In the December 2017 issue of Employee Plans News, the IRS addressed several topics related to 401(k) plans.
First, the IRS now has a webpage that summarizes recent national disaster legislation, making it easier for plan participants to access retirement plan funds to recover from Hurricanes Harvey, Irma and Maria. The webpage describes relief available for early distributions, plan loan and repayment options, and retroactive plan term amendments.
Second, IRS Form 5300 underwent major revisions that became effective back on Jan. 1, 2017. Form 5300 is used to request a determination letter for an individually designed plan, which includes a 401(k) plan. The IRS warns that any applications submitted after Dec. 31, 2017 will be returned if the previous version of the form is used. Further, plan sponsors are reminded that requests for partial termination determinations may be submitted without regard to their ability to request a determination letter on plan documents.
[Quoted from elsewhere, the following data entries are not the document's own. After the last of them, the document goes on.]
definition perm_roots :: "nat \<Rightarrow> 'a set \<Rightarrow> ('a \<Rightarrow> 'a) \<Rightarrow> ('a \<Rightarrow> 'a) set" where
  "perm_roots k S \<sigma> = {\<tau>. \<tau> permutes S \<and> \<tau> ^^ k = \<sigma>}"

definition first_return :: "('a \<Rightarrow> 'a) \<Rightarrow> 'a \<Rightarrow> ('a \<Rightarrow> 'a) \<Rightarrow> nat" where
  "first_return \<sigma> x0 \<tau> = (LEAST g. 0 < g \<and> (\<tau> ^^ g) x0 \<in> orbit \<sigma> x0)"

definition return_trace :: "('a \<Rightarrow> 'a) \<Rightarrow> 'a \<Rightarrow> ('a \<Rightarrow> 'a) \<Rightarrow> 'a list" where
  "return_trace \<sigma> x0 \<tau> = map (\<lambda>r. (\<tau> ^^ r) x0) [0..<first_return \<sigma> x0 \<tau>]"

lemma orbit_transversalsD:
  assumes "ys \<in> orbit_transversals S \<sigma> x0"
  shows "distinct ys" "set ys \<subseteq> S" "ys ! 0 = x0" "length ys > 0"
    "\<And>i j. i < length ys \<Longrightarrow> j < length ys \<Longrightarrow> orbit \<sigma> (ys ! i) = orbit \<sigma> (ys ! j) \<Longrightarrow> i = j"
proof -
  have d: "distinct (map (orbit \<sigma>) ys)" and ne: "ys \<noteq> []" and h: "hd ys = x0"
    and s: "set ys \<subseteq> S"
    using assms unfolding orbit_transversals_def by auto
  show "distinct ys" using d by (simp add: distinct_map)
  show "set ys \<subseteq> S" by fact
  show "ys ! 0 = x0" using ne h by (simp add: hd_conv_nth)
  show "length ys > 0" using ne by simp
  fix i j assume "i < length ys" "j < length ys" "orbit \<sigma> (ys ! i) = orbit \<sigma> (ys ! j)"
  then show "i = j" using d[unfolded distinct_conv_nth] by (metis length_map nth_map)
qed

lemma in_orbit_union_iff:
  assumes "permutation \<sigma>"
  shows "z \<in> orbit_union \<sigma> ys \<longleftrightarrow> orbit \<sigma> z \<in> orbit \<sigma> ` set ys"
  unfolding orbit_union_def
  using permutation_orbit_eq[OF assms] permutation_self_in_orbit[OF assms] by blast

lemma orbit_union_funpow_iff:
  assumes "permutation \<sigma>"
  shows "(\<sigma> ^^ n) z \<in> orbit_union \<sigma> ys \<longleftrightarrow> z \<in> orbit_union \<sigma> ys"
  using in_orbit_union_iff[OF assms] permutation_orbit_funpow[OF assms] by simp

lemma permutation_image_orbit_union:
  assumes "permutation \<sigma>"
  shows "\<sigma> ` orbit_union \<sigma> ys = orbit_union \<sigma> ys"
proof
  show "\<sigma> ` orbit_union \<sigma> ys \<subseteq> orbit_union \<sigma> ys"
    using orbit_union_funpow_iff[OF assms, of 1] by auto
  show "orbit_union \<sigma> ys \<subseteq> \<sigma> ` orbit_union \<sigma> ys"
  proof
    fix z assume z: "z \<in> orbit_union \<sigma> ys"
    obtain w where w: "z = \<sigma> w"
      using bij_is_surj[OF permutation_bijective[OF assms]] by (metis surj_def)
    then have "w \<in> orbit_union \<sigma> ys" using z orbit_union_funpow_iff[OF assms, of 1 w] by simp
    then show "z \<in> \<sigma> ` orbit_union \<sigma> ys" using w by blast
  qed
qed

locale root_setup =
  fixes k l :: nat and S :: "'a set" and \<sigma> :: "'a \<Rightarrow> 'a" and x0 :: 'a
  assumes k_pos: "k > 0" and l_pos: "l > 0" and uniform: "uniform_cycles l S \<sigma>"
    and x0_in_S: "x0 \<in> S"
begin

lemma sigma_permutes: "\<sigma> permutes S" and finite_S: "finite S"
  and sigma_permutation: "permutation \<sigma>"
  using uniform uniform_cycles_permutation unfolding uniform_cycles_def by auto

lemma funpow_eq_iff: "x \<in> S \<Longrightarrow> (\<sigma> ^^ a) x = (\<sigma> ^^ b) x \<longleftrightarrow> a mod l = b mod l"
  using uniform_cycles_funpow_eq_iff[OF uniform _ l_pos] .

lemma orbit_union_subset:
  assumes "ys \<in> orbit_transversals S \<sigma> x0"
  shows "orbit_union \<sigma> ys \<subseteq> S"
  using orbit_transversalsD(2)[OF assms] permutes_orbit_subset[OF sigma_permutes]
  unfolding orbit_union_def by blast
Third, the IRS has updated the listing of required modifications (LRMs) for cash or deferred arrangements (CODAs) and defined contribution plans. The LRM is a collection of information that helps plan sponsors draft plans that comply with applicable laws and regulations. The updated defined contribution LRM makes adjustments in plan qualification requirements, regulations and guidance provided in the 2017 Cumulative List of Changes.
Lastly, other items in the newsletter include the release of advanced copies of Form 5500 for 2017, instructions for field agents regarding missing participants and beneficiaries, and updated instructions for electronically filing Form 8955-SSA (Publication 4810).
Plan sponsors of retirement plans should familiarize themselves with the information contained in the IRS newsletter (especially the various types of disaster-related relief affecting employee benefit plans) and make any necessary changes.
On Dec. 22, 2017, the Pension Benefit Guaranty Corporation (PBGC) issued final regulations that expand its Missing Participants Program (the Program) to defined contribution plans (such as 401(k) and other plans). As background, ERISA requires plan sponsors to distribute plan assets to participants upon termination. The problem with completing that process is often that the employer cannot find certain prior employees. The Program allowed defined benefit plan sponsors who had undertaken a diligent search for these missing employees to transfer the missing employees’ account balances to PBGC. PBGC would then provide those benefits to employees when they were found.
This new regulation broadens the Program to offer it to defined contribution plans, multiemployer plans, professional service plans with 25 or fewer participants, and other defined benefit plans that weren’t previously covered. So, beginning on Jan. 1, 2018, defined contribution plan sponsors that are terminating their plans have the option of transferring missing participants’ benefits to PBGC. PBGC will then provide a centralized benefits directory through which the missing participants can determine if benefits are being held for them.
The new regulations also streamline the program by changing the way that employers determine the amount of money that should be sent to PBGC, increasing protection of participants’ benefits and easing the transfer of benefits to PBGC.
Any employers considering whether they would like to access the PBGC Program should familiarize themselves with the Program to determine if doing so is appropriate.